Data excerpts
theorem lemma4:
  fixes G1 G2 :: "'s::finite \<Rightarrow> 'm::finite set"
    and d :: "'s \<Rightarrow> 'm \<Rightarrow> 'm \<Rightarrow> 's pmf"
    and T :: "'s set"
    and zeta :: "nat \<Rightarrow> 's \<Rightarrow> 'm pmf"
    and r :: real and k :: nat and s :: 's and a2 :: 'm
  assumes G1_ne: "\<And>x. G1 x \<noteq> {}"
    and G2_ne: "\<And>x. G2 x \<noteq> {}"
    and absorb: "\<And>x. x \<in> T \<union> W2 G1 G2 d T \<Longrightarrow> absorbing G1 G2 d x"
    and zeta_sel: "\<And>j. j \<ge> 1 \<Longrightarrow> zeta j \<in> selectors G1"
    and zeta_opt: "\<And>j. j \<ge> 1 \<Longrightarrow>
         Pre1_sel G2 d (zeta j) (u_iter G1 G2 d T (j - 1)) = Pre1 G1 G2 d (u_iter G1 G2 d T (j - 1))"
    and r_pos: "0 < r" and r_le: "r \<le> 1"
    and s_notin: "s \<notin> T \<union> W2 G1 G2 d T"
    and s_val: "u_iter G1 G2 d T k s = r"
    and a2_in: "a2 \<in> G2 s"
  shows "(\<exists>t\<in>Dest_k G1 G2 d T zeta k s a2. u_iter G1 G2 d T k t > r)
       \<or> (Dest_k G1 G2 d T zeta k s a2 \<subseteq> {t. u_iter G1 G2 d T k t = r}
          \<and> (\<exists>t\<in>Dest_k G1 G2 d T zeta k s a2. entry G1 G2 d T k t < entry G1 G2 d T k s))"
proof -
  let ?u = "u_iter G1 G2 d T" and ?D = "Dest_k G1 G2 d T zeta k s a2"
  let ?l = "entry G1 G2 d T k s"
  have "?u ?l s = r"
    using u_iter_entry[of G1 G2 d T k s] s_val by simp
  moreover have "?u 0 s = 0"
    using s_notin by (simp add: u_iter_0)
  ultimately have l_pos: "0 < ?l"
    using r_pos by (cases ?l) auto
  have absorb_T: "\<And>x. x \<in> T \<Longrightarrow> absorbing G1 G2 d x"
    using absorb by blast
  show ?thesis
  proof (cases "\<exists>t\<in>?D. ?u k t > r")
    case False
    then have no_improvement: "\<And>t. t \<in> ?D \<Longrightarrow> ?u k t \<le> ?u k s"
      using s_val by auto
    note on_D = u_iter_eq_on_Dest_k_if_no_improvement[of G1 G2 T d zeta k s a2]
    have prev_eq: "?u (?l - 1) t = r" and now_eq: "?u k t = r" if "t \<in> ?D" for t
      unfolding s_val[symmetric]
      by (rule on_D(1) on_D(2);
          fact G1_ne G2_ne absorb_T zeta_opt l_pos a2_in no_improvement that)+
    have "?D \<subseteq> {t. ?u k t = r}"
      using now_eq by blast
    moreover obtain t where t: "t \<in> ?D"
      unfolding Dest_k_eq_set_pmf using set_pmf_not_empty by fast
    moreover have "entry G1 G2 d T k t \<le> ?l - 1"
      using entry_le[of G1 G2 d T k s] prev_eq[OF t] now_eq[OF t]
      by (intro entry_le_if_u_iter_eq) simp_all
    with l_pos have "entry G1 G2 d T k t < ?l"
      by linarith
    ultimately show ?thesis
      by blast
  qed blast
qed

◆ Task
Reproduce only the lines above spanning from the line containing "using absorb by blast" through the line containing "by (intro entry_le_if_u_iter_eq)", word for word.

◆ Answer area
    using absorb by blast
  show ?thesis
  proof (cases "\<exists>t\<in>?D. ?u k t > r")
    case False
    then have no_improvement: "\<And>t. t \<in> ?D \<Longrightarrow> ?u k t \<le> ?u k s"
      using s_val by auto
    note on_D = u_iter_eq_on_Dest_k_if_no_improvement[of G1 G2 T d zeta k s a2]
    have prev_eq: "?u (?l - 1) t = r" and now_eq: "?u k t = r" if "t \<in> ?D" for t
      unfolding s_val[symmetric]
      by (rule on_D(1) on_D(2);
          fact G1_ne G2_ne absorb_T zeta_opt l_pos a2_in no_improvement that)+
    have "?D \<subseteq> {t. ?u k t = r}"
      using now_eq by blast
    moreover obtain t where t: "t \<in> ?D"
      unfolding Dest_k_eq_set_pmf using set_pmf_not_empty by fast
    moreover have "entry G1 G2 d T k t \<le> ?l - 1"
      using entry_le[of G1 G2 d T k s] prev_eq[OF t] now_eq[OF t]
      by (intro entry_le_if_u_iter_eq) simp_all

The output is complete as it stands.